### PROBLEM TO SOLVE
Filter by the string "metis": return the lines of the material that contain it.

### TASK INPUT
- - - - - - -

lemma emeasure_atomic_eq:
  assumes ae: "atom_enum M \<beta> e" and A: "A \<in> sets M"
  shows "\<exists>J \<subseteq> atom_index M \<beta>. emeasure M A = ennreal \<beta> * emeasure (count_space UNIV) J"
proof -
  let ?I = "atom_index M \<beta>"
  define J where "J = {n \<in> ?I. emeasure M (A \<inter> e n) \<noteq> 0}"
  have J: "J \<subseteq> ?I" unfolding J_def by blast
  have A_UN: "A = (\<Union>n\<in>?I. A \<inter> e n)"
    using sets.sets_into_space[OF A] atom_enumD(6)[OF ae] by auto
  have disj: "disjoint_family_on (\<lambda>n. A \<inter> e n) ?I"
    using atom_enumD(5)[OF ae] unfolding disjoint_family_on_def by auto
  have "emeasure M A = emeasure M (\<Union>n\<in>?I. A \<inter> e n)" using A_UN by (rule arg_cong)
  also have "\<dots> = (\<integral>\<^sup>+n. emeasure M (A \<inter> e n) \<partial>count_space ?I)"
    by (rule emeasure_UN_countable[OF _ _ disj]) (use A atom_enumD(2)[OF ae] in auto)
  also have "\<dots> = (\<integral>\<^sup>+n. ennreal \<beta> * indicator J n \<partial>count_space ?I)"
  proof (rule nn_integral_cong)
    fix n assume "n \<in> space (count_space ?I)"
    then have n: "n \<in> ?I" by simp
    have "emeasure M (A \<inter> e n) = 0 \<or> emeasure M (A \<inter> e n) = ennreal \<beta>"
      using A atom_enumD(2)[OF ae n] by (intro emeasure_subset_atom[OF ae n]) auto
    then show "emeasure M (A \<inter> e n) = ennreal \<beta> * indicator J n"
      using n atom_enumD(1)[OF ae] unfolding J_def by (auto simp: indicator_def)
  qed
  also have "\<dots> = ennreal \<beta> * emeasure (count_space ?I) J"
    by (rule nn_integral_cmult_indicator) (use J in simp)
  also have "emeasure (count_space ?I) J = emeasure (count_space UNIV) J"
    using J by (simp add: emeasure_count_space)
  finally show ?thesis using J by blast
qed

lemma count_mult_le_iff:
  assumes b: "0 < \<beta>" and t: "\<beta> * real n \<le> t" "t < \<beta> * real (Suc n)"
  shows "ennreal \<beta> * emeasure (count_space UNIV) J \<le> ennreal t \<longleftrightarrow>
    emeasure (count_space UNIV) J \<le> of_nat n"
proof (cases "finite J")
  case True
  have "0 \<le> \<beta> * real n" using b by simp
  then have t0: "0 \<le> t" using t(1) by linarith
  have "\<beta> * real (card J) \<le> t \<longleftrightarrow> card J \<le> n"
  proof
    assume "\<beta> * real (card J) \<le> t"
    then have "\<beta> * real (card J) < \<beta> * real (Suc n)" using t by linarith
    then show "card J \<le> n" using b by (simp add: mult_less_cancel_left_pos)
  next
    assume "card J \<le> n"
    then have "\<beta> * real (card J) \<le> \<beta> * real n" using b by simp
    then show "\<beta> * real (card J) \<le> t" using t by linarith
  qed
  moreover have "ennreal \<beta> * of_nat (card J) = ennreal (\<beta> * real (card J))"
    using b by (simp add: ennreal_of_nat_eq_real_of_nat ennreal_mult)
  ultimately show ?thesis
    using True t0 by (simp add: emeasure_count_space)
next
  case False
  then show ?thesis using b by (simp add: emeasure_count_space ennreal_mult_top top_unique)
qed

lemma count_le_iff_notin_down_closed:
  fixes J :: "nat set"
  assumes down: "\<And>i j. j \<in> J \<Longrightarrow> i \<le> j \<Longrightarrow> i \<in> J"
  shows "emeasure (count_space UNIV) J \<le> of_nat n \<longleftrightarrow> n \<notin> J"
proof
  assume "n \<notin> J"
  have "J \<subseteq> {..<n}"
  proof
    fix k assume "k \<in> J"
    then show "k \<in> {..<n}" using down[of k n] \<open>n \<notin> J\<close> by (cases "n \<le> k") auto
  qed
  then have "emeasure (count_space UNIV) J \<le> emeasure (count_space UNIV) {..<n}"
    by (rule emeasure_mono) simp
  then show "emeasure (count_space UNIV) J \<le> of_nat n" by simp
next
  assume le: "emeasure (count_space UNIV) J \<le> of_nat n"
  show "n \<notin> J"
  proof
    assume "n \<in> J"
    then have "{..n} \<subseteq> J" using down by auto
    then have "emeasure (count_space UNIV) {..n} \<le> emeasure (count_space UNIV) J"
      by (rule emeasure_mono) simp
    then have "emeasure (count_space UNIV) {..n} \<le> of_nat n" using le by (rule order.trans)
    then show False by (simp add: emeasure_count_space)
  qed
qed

- - - - - - -

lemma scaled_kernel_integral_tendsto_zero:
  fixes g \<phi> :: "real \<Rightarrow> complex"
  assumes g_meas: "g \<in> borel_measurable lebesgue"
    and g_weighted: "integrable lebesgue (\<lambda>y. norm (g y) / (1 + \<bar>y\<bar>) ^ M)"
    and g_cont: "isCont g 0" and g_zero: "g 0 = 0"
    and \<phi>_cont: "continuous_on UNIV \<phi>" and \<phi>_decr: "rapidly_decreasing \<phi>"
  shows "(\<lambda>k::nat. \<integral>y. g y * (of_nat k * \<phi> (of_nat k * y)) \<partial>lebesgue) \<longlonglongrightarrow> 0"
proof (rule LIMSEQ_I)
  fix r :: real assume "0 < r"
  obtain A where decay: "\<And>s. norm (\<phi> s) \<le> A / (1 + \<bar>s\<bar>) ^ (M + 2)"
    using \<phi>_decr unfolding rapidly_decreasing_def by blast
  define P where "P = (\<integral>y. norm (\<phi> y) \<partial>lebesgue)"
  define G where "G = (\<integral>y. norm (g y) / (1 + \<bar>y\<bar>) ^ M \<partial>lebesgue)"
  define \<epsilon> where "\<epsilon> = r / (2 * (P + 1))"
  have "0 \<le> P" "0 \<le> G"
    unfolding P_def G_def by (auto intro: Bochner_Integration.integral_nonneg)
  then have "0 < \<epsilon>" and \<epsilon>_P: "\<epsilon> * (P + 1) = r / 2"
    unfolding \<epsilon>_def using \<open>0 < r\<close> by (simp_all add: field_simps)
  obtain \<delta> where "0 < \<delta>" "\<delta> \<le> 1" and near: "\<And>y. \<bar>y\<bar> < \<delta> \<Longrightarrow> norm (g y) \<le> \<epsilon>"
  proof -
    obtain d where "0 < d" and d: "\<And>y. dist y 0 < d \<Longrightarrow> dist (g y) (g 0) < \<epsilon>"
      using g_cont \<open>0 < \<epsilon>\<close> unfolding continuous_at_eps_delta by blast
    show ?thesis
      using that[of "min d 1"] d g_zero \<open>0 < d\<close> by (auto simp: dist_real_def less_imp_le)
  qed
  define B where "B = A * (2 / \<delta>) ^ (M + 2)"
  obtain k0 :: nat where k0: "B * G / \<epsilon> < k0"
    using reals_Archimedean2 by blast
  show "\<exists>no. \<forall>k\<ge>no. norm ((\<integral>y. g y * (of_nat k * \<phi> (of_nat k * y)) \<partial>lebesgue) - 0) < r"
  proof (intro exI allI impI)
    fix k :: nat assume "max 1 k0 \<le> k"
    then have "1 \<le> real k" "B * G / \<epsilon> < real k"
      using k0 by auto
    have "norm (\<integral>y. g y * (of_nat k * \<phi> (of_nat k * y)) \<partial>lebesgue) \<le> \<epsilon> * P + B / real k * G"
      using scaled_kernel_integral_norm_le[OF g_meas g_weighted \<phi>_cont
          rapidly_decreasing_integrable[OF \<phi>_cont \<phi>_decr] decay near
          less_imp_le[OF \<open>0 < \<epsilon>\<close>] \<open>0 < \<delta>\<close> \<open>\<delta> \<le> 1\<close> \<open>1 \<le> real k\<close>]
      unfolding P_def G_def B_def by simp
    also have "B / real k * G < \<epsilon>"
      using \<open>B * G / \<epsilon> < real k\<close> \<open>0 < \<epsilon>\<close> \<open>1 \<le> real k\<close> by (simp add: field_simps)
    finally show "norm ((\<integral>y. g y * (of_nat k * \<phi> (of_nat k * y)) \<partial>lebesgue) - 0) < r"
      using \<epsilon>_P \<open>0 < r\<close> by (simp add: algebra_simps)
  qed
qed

- - - - - - -

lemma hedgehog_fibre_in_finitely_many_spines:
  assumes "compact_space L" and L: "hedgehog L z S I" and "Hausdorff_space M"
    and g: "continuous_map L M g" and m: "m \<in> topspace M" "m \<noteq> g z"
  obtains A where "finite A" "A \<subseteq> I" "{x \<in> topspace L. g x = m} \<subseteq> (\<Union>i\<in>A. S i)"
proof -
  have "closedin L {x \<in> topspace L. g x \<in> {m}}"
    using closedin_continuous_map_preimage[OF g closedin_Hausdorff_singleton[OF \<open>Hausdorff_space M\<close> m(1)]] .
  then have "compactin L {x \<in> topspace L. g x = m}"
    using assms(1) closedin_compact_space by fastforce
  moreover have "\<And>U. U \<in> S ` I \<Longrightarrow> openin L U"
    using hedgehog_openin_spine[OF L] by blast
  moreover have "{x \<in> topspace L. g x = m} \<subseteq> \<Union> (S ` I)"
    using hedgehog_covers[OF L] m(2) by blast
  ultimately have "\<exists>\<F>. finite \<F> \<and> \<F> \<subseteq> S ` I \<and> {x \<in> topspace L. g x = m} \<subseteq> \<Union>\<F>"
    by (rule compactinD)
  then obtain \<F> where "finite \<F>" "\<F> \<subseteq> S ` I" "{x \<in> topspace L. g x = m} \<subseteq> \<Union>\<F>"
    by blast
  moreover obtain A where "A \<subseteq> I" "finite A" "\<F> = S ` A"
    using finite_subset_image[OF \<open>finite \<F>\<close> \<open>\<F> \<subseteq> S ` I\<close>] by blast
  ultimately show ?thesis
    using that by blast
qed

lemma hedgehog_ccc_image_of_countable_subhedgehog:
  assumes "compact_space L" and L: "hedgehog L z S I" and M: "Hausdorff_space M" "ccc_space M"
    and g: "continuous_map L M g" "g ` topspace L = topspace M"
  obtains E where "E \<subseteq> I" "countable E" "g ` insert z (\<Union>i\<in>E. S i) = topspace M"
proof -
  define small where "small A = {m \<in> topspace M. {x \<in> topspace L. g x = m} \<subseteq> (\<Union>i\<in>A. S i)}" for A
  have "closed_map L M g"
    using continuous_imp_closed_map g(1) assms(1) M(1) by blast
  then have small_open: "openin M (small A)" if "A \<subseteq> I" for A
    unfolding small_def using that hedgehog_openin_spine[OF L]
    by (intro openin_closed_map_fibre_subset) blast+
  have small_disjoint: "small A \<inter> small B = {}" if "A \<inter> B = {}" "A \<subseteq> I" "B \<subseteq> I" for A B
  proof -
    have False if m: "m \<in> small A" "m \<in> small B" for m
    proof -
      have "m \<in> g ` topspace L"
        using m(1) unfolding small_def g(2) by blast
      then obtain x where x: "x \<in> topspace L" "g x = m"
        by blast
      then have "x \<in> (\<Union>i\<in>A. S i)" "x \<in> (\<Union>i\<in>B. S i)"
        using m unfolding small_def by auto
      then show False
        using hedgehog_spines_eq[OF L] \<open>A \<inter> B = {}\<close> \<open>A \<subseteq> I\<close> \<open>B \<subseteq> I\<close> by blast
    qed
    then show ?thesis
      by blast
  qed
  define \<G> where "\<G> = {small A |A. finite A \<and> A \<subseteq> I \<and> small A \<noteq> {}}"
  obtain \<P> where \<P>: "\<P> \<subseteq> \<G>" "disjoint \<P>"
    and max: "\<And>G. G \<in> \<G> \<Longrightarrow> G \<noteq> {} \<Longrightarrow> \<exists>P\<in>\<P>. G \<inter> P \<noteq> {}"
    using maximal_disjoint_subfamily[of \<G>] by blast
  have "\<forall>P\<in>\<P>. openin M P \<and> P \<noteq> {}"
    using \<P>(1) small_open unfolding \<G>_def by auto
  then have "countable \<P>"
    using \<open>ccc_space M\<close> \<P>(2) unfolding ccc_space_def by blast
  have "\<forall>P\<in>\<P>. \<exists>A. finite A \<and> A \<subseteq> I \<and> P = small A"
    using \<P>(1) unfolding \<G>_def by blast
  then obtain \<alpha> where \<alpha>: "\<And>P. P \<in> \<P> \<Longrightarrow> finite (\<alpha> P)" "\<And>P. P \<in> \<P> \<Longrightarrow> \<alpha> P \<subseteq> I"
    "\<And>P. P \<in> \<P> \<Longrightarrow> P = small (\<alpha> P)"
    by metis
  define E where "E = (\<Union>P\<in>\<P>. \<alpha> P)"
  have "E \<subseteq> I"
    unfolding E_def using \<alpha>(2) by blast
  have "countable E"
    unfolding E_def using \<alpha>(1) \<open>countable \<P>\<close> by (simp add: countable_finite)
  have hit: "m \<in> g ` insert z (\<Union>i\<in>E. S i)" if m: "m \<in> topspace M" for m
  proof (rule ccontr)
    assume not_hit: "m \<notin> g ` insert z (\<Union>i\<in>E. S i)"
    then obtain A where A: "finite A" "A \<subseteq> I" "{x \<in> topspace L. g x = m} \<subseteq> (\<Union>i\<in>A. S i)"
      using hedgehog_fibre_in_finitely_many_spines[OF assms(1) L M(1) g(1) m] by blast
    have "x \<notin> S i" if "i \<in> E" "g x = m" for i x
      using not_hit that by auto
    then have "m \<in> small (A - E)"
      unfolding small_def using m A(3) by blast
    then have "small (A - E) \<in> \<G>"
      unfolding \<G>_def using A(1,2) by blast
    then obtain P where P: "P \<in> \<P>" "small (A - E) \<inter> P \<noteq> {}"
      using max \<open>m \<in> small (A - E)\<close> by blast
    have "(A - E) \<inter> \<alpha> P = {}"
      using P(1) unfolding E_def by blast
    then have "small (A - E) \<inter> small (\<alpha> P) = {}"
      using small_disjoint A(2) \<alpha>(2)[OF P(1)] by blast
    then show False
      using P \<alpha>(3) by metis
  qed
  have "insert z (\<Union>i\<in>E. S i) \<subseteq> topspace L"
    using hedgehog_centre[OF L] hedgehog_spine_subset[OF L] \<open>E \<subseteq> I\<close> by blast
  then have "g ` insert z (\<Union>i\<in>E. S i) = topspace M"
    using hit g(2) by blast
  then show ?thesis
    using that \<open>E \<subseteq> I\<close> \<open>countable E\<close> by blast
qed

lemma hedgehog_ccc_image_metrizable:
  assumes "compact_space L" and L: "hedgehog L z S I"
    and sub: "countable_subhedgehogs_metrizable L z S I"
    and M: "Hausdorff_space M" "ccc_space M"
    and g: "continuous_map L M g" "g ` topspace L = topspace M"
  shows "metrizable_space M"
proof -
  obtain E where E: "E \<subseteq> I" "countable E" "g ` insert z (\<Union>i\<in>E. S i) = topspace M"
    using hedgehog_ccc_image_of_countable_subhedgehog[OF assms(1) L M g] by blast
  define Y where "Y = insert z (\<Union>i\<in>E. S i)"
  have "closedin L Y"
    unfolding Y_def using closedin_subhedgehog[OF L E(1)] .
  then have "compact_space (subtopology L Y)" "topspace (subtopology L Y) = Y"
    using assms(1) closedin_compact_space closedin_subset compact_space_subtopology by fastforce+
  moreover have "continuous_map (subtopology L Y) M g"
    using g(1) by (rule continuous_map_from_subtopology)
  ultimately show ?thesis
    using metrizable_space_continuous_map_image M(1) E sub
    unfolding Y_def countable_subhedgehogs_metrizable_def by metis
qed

- - - - - - -

### YOUR SOLUTION
    by metis
      using P \<alpha>(3) by metis
    unfolding Y_def countable_subhedgehogs_metrizable_def by metis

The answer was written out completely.